Comme nous avons pu le vérifier lors d’un récent rassemblement à Paris, sous l’égide du CNLAPS, l’association des associations et acteurs de Prévention Spécialisée, les participants estiment que c’est en effet de la Protection de l’Enfance que la Prévention relève et devrait continuer de relever. Les propos de monsieur Kanner, ministre de la Ville, de la Jeunesse et des sports, et plus encore Mme Rissignol, ministre de la Famille, de l’Enfance et des Droits des Femmes, présents lors de cette rencontre, nous ont paru aller dans ce même sens.
Second aspect annoncé, le contexte social de notre action.
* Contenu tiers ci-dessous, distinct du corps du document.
lemma closure_of_class_eq_iff:
  assumes "sym E" "E \<subseteq> topspace \<sigma> \<times> topspace \<sigma>"
  shows "\<sigma> closure_of (E `` {x}) = \<sigma> closure_of (E `` {y}) \<longleftrightarrow> sat_indist \<sigma> E x y"
proof
  assume eq: "\<sigma> closure_of (E `` {x}) = \<sigma> closure_of (E `` {y})"
  have "b \<in> E `` W"
    if cl: "\<sigma> closure_of (E `` {a}) = \<sigma> closure_of (E `` {b})"
      and "a \<in> E `` W" "openin \<sigma> W" for a b W
  proof -
    from that obtain w where w: "w \<in> W" "(w, a) \<in> E" by auto
    have "w \<in> topspace \<sigma>" using w(2) assms(2) by auto
    then have "w \<in> \<sigma> closure_of (E `` {a})"
      unfolding in_closure_of_class[OF assms(1)] using w(2) by auto
    then have "w \<in> \<sigma> closure_of (E `` {b})" using cl by simp
    then show ?thesis unfolding in_closure_of_class[OF assms(1)] using w(1) that(3) by blast
  qed
  then show "sat_indist \<sigma> E x y" unfolding sat_indist_def using eq by metis
next
  assume "sat_indist \<sigma> E x y"
  then have "x \<in> E `` T \<longleftrightarrow> y \<in> E `` T" if "openin \<sigma> T" for T
    using that unfolding sat_indist_def by blast
  then show "\<sigma> closure_of (E `` {x}) = \<sigma> closure_of (E `` {y})"
    by (simp add: set_eq_iff in_closure_of_class[OF assms(1)])
qed

lemma mem_approx_class_iff:
  assumes "equiv (topspace \<sigma>) E"
  shows "y \<in> approx_class \<sigma> E x \<longleftrightarrow> y \<in> topspace \<sigma> \<and> sat_indist \<sigma> E y x"
proof -
  have "sym E" and "E \<subseteq> topspace \<sigma> \<times> topspace \<sigma>"
    using assms unfolding equiv_def refl_on_def by auto
  from closure_of_class_eq_iff[OF this, of y x] show ?thesis
    by (simp add: approx_class_def)
qed

lemma approx_class_eq_iff:
  assumes "equiv (topspace \<sigma>) E" "x \<in> topspace \<sigma>"
  shows "approx_class \<sigma> E x = approx_class \<sigma> E y \<longleftrightarrow> sat_indist \<sigma> E x y"
proof
  assume eq: "approx_class \<sigma> E x = approx_class \<sigma> E y"
  have "x \<in> approx_class \<sigma> E x"
    unfolding mem_approx_class_iff[OF assms(1)] using assms(2) sat_indist_refl by simp
  then have "x \<in> approx_class \<sigma> E y" by (simp only: eq)
  then show "sat_indist \<sigma> E x y" by (simp only: mem_approx_class_iff[OF assms(1)])
next
  assume "sat_indist \<sigma> E x y"
  then have "sat_indist \<sigma> E z x \<longleftrightarrow> sat_indist \<sigma> E z y" for z
    using sat_indist_sym sat_indist_trans by meson
  then show "approx_class \<sigma> E x = approx_class \<sigma> E y"
    by (intro set_eqI) (simp only: mem_approx_class_iff[OF assms(1)])
qed

lemma openin_sep_quotient:
  "openin (sep_quotient \<sigma> E) W \<longleftrightarrow>
     W \<subseteq> approx_classes \<sigma> E \<and> openin \<sigma> {x \<in> topspace \<sigma>. approx_class \<sigma> E x \<in> W}"
proof -
  have "istopology (\<lambda>W. W \<subseteq> approx_classes \<sigma> E \<and>
      openin \<sigma> {x \<in> topspace \<sigma>. approx_class \<sigma> E x \<in> W})"
    unfolding istopology_def
  proof (rule conjI; intro allI impI)
    fix S T
    assume a: "S \<subseteq> approx_classes \<sigma> E \<and> openin \<sigma> {x \<in> topspace \<sigma>. approx_class \<sigma> E x \<in> S}"
      "T \<subseteq> approx_classes \<sigma> E \<and> openin \<sigma> {x \<in> topspace \<sigma>. approx_class \<sigma> E x \<in> T}"
    have "{x \<in> topspace \<sigma>. approx_class \<sigma> E x \<in> S \<inter> T} =
        {x \<in> topspace \<sigma>. approx_class \<sigma> E x \<in> S} \<inter> {x \<in> topspace \<sigma>. approx_class \<sigma> E x \<in> T}"
      by auto
    then show "S \<inter> T \<subseteq> approx_classes \<sigma> E \<and>
        openin \<sigma> {x \<in> topspace \<sigma>. approx_class \<sigma> E x \<in> S \<inter> T}"
      using a by auto
  next
    fix K
    assume a: "\<forall>S\<in>K. S \<subseteq> approx_classes \<sigma> E \<and>
        openin \<sigma> {x \<in> topspace \<sigma>. approx_class \<sigma> E x \<in> S}"
    have "{x \<in> topspace \<sigma>. approx_class \<sigma> E x \<in> \<Union>K} =
        \<Union>((\<lambda>S. {x \<in> topspace \<sigma>. approx_class \<sigma> E x \<in> S}) ` K)"
      by auto
    then show "\<Union>K \<subseteq> approx_classes \<sigma> E \<and>
        openin \<sigma> {x \<in> topspace \<sigma>. approx_class \<sigma> E x \<in> \<Union>K}"
      using a by (auto intro!: openin_Union)
  qed
  then show ?thesis by (simp add: sep_quotient_def)
qed

lemma topspace_sep_quotient: "topspace (sep_quotient \<sigma> E) = approx_classes \<sigma> E"
proof -
  have "{x \<in> topspace \<sigma>. approx_class \<sigma> E x \<in> approx_classes \<sigma> E} = topspace \<sigma>"
    by (auto simp: approx_classes_def)
  then have "openin (sep_quotient \<sigma> E) (approx_classes \<sigma> E)"
    unfolding openin_sep_quotient by simp
  then have "approx_classes \<sigma> E \<subseteq> topspace (sep_quotient \<sigma> E)"
    by (rule openin_subset)
  moreover have "topspace (sep_quotient \<sigma> E) \<subseteq> approx_classes \<sigma> E"
    using openin_topspace[of "sep_quotient \<sigma> E"] unfolding openin_sep_quotient by blast
  ultimately show ?thesis by blast
qed

lemma approx_class_some_member:
  assumes "equiv (topspace \<sigma>) E" "topspace \<sigma>' = topspace \<sigma>"
    and "\<And>W. openin \<sigma> W \<Longrightarrow> openin \<sigma>' W" "x \<in> topspace \<sigma>"
  shows "approx_class \<sigma> E (SOME y. y \<in> approx_class \<sigma>' E x) = approx_class \<sigma> E x"
proof -
  have equiv': "equiv (topspace \<sigma>') E" using assms(1,2) by simp
  have "x \<in> approx_class \<sigma>' E x"
    using assms(2,4) by (simp add: mem_approx_class_iff[OF equiv'] sat_indist_refl)
  then have "(SOME y. y \<in> approx_class \<sigma>' E x) \<in> approx_class \<sigma>' E x"
    by (rule someI)
  then have "(SOME y. y \<in> approx_class \<sigma>' E x) \<in> topspace \<sigma>"
    and "sat_indist \<sigma>' E (SOME y. y \<in> approx_class \<sigma>' E x) x"
    using assms(2) by (auto simp: mem_approx_class_iff[OF equiv'])
  moreover note sat_indist_coarser[of \<sigma> \<sigma>', OF assms(3) this(2)]
  ultimately show ?thesis by (simp add: approx_class_eq_iff[OF assms(1)])
qed

lemma continuous_map_sep_quotient_coarser:
  assumes "equiv (topspace \<sigma>) E" "topspace \<sigma>' = topspace \<sigma>"
    and "\<And>W. openin \<sigma> W \<Longrightarrow> openin \<sigma>' W"
  shows "continuous_map (sep_quotient \<sigma>' E) (sep_quotient \<sigma> E)
           (\<lambda>C. approx_class \<sigma> E (SOME y. y \<in> C))"
proof -
  have class_eq: "approx_class \<sigma> E (SOME y. y \<in> approx_class \<sigma>' E x) = approx_class \<sigma> E x"
    if "x \<in> topspace \<sigma>" for x
    using approx_class_some_member[OF assms that] .
  have topspace': "topspace (sep_quotient \<sigma>' E) = approx_class \<sigma>' E ` topspace \<sigma>"
    by (simp add: topspace_sep_quotient approx_classes_def assms(2))
  show ?thesis
    unfolding continuous_map_def
  proof (intro conjI allI impI)
    show "(\<lambda>C. approx_class \<sigma> E (SOME y. y \<in> C)) \<in> topspace (sep_quotient \<sigma>' E) \<rightarrow> topspace (sep_quotient \<sigma> E)"
      using class_eq by (auto simp: topspace' topspace_sep_quotient approx_classes_def assms(2))
  next
    fix Wq assume "openin (sep_quotient \<sigma> E) Wq"
    then have "openin \<sigma>' {x \<in> topspace \<sigma>. approx_class \<sigma> E x \<in> Wq}"
      by (simp add: openin_sep_quotient assms(3))
    moreover have "{x \<in> topspace \<sigma>'. approx_class \<sigma>' E x \<in>
          {C \<in> topspace (sep_quotient \<sigma>' E). approx_class \<sigma> E (SOME y. y \<in> C) \<in> Wq}} =
        {x \<in> topspace \<sigma>. approx_class \<sigma> E x \<in> Wq}"
      using class_eq by (auto simp: topspace' assms(2))
    ultimately show "openin (sep_quotient \<sigma>' E)
        {C \<in> topspace (sep_quotient \<sigma>' E). approx_class \<sigma> E (SOME y. y \<in> C) \<in> Wq}"
      by (auto simp: openin_sep_quotient topspace_sep_quotient)
  qed
qed

lemma approx_class_preimage_image:
  assumes "equiv (topspace \<sigma>) E" "openin \<sigma> (E `` U)"
  shows "{y \<in> topspace \<sigma>. approx_class \<sigma> E y \<in> approx_class \<sigma> E ` (E `` U)} = E `` U"
proof (intro set_eqI iffI)
  fix y assume "y \<in> {y \<in> topspace \<sigma>. approx_class \<sigma> E y \<in> approx_class \<sigma> E ` (E `` U)}"
  then obtain u where "y \<in> topspace \<sigma>" "u \<in> E `` U" "sat_indist \<sigma> E y u"
    using approx_class_eq_iff[OF assms(1)] by blast
  moreover have "u \<in> E `` (E `` U)" "E `` (E `` U) \<subseteq> E `` U"
    using assms(1) \<open>u \<in> E `` U\<close> unfolding equiv_def refl_on_def trans_def by blast+
  ultimately show "y \<in> E `` U"
    using assms(2) unfolding sat_indist_def by blast
next
  fix y assume "y \<in> E `` U"
  moreover have "E `` U \<subseteq> topspace \<sigma>" by (rule openin_subset[OF assms(2)])
  ultimately show "y \<in> {y \<in> topspace \<sigma>. approx_class \<sigma> E y \<in> approx_class \<sigma> E ` (E `` U)}"
    by blast
qed

lemma openin_sep_quotient_image:
  assumes "equiv (topspace \<sigma>) E" "openin \<sigma> (E `` U)"
  shows "openin (sep_quotient \<sigma> E) (approx_class \<sigma> E ` (E `` U))"
  unfolding openin_sep_quotient approx_class_preimage_image[OF assms]
  using assms openin_subset by (fastforce simp: approx_classes_def)

lemma topspace_sep_quotient_limit:
  "s \<in> topspace (sep_quotient_limit \<tau> E) \<longleftrightarrow> (\<forall>i. s i \<in> approx_classes (\<tau> i) E) \<and>
     (\<forall>i. \<forall>x \<in> topspace (\<tau> (Suc i)). s (Suc i) = approx_class (\<tau> (Suc i)) E x
        \<longrightarrow> s i = approx_class (\<tau> i) E x)"
  by (simp add: sep_quotient_limit_def topspace_sep_quotient PiE_iff)

lemma approx_class_preimage_saturated:
  assumes "equiv (topspace \<sigma>) E"
  shows "E `` {x \<in> topspace \<sigma>. approx_class \<sigma> E x \<in> W} \<subseteq> {x \<in> topspace \<sigma>. approx_class \<sigma> E x \<in> W}"
proof
  fix y assume "y \<in> E `` {x \<in> topspace \<sigma>. approx_class \<sigma> E x \<in> W}"
  then obtain u where u: "u \<in> topspace \<sigma>" "approx_class \<sigma> E u \<in> W" "(u, y) \<in> E" by blast
  then have "y \<in> topspace \<sigma>" using assms unfolding equiv_def refl_on_def by blast
  moreover have "approx_class \<sigma> E y = approx_class \<sigma> E u"
    using sat_indist_if_related[OF assms, of y u] assms u(3) \<open>y \<in> topspace \<sigma>\<close>
    unfolding equiv_def sym_def by (simp add: approx_class_eq_iff[OF assms])
  ultimately show "y \<in> {x \<in> topspace \<sigma>. approx_class \<sigma> E x \<in> W}" using u(2) by simp
qed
Je me contenterai, songeant à nos responsabilités toutes particulières, d’évoquer les caractères les plus marquants de ce contexte :
-  Désaffection et méfiance croissante, et pas seulement chez les jeunes, vis-à-vis de l’institution politique, des valeurs républicaines et des acteurs politiques. Ceci, nous ne le savons que trop, nourrit la faveur accordée à une extrême-droite qui, face aux situations de détresse et, parfois, de déviance, prône la sanction et la répression, au détriment de la protection et de la solidarité.
-  Croissance des inégalités, entre hommes et femmes, riches et pauvres, mais aussi jeunes et adultes.
-  Développement d’un climat de défiance, sinon d’hostilité, à l’égard des porteurs – individus ou groupes – de « différences » économiques, culturelles, ethniques et religieuses. Ces différences, réelles ou fantasmées, équivalent trop souvent à autant de formes de stigmatisation.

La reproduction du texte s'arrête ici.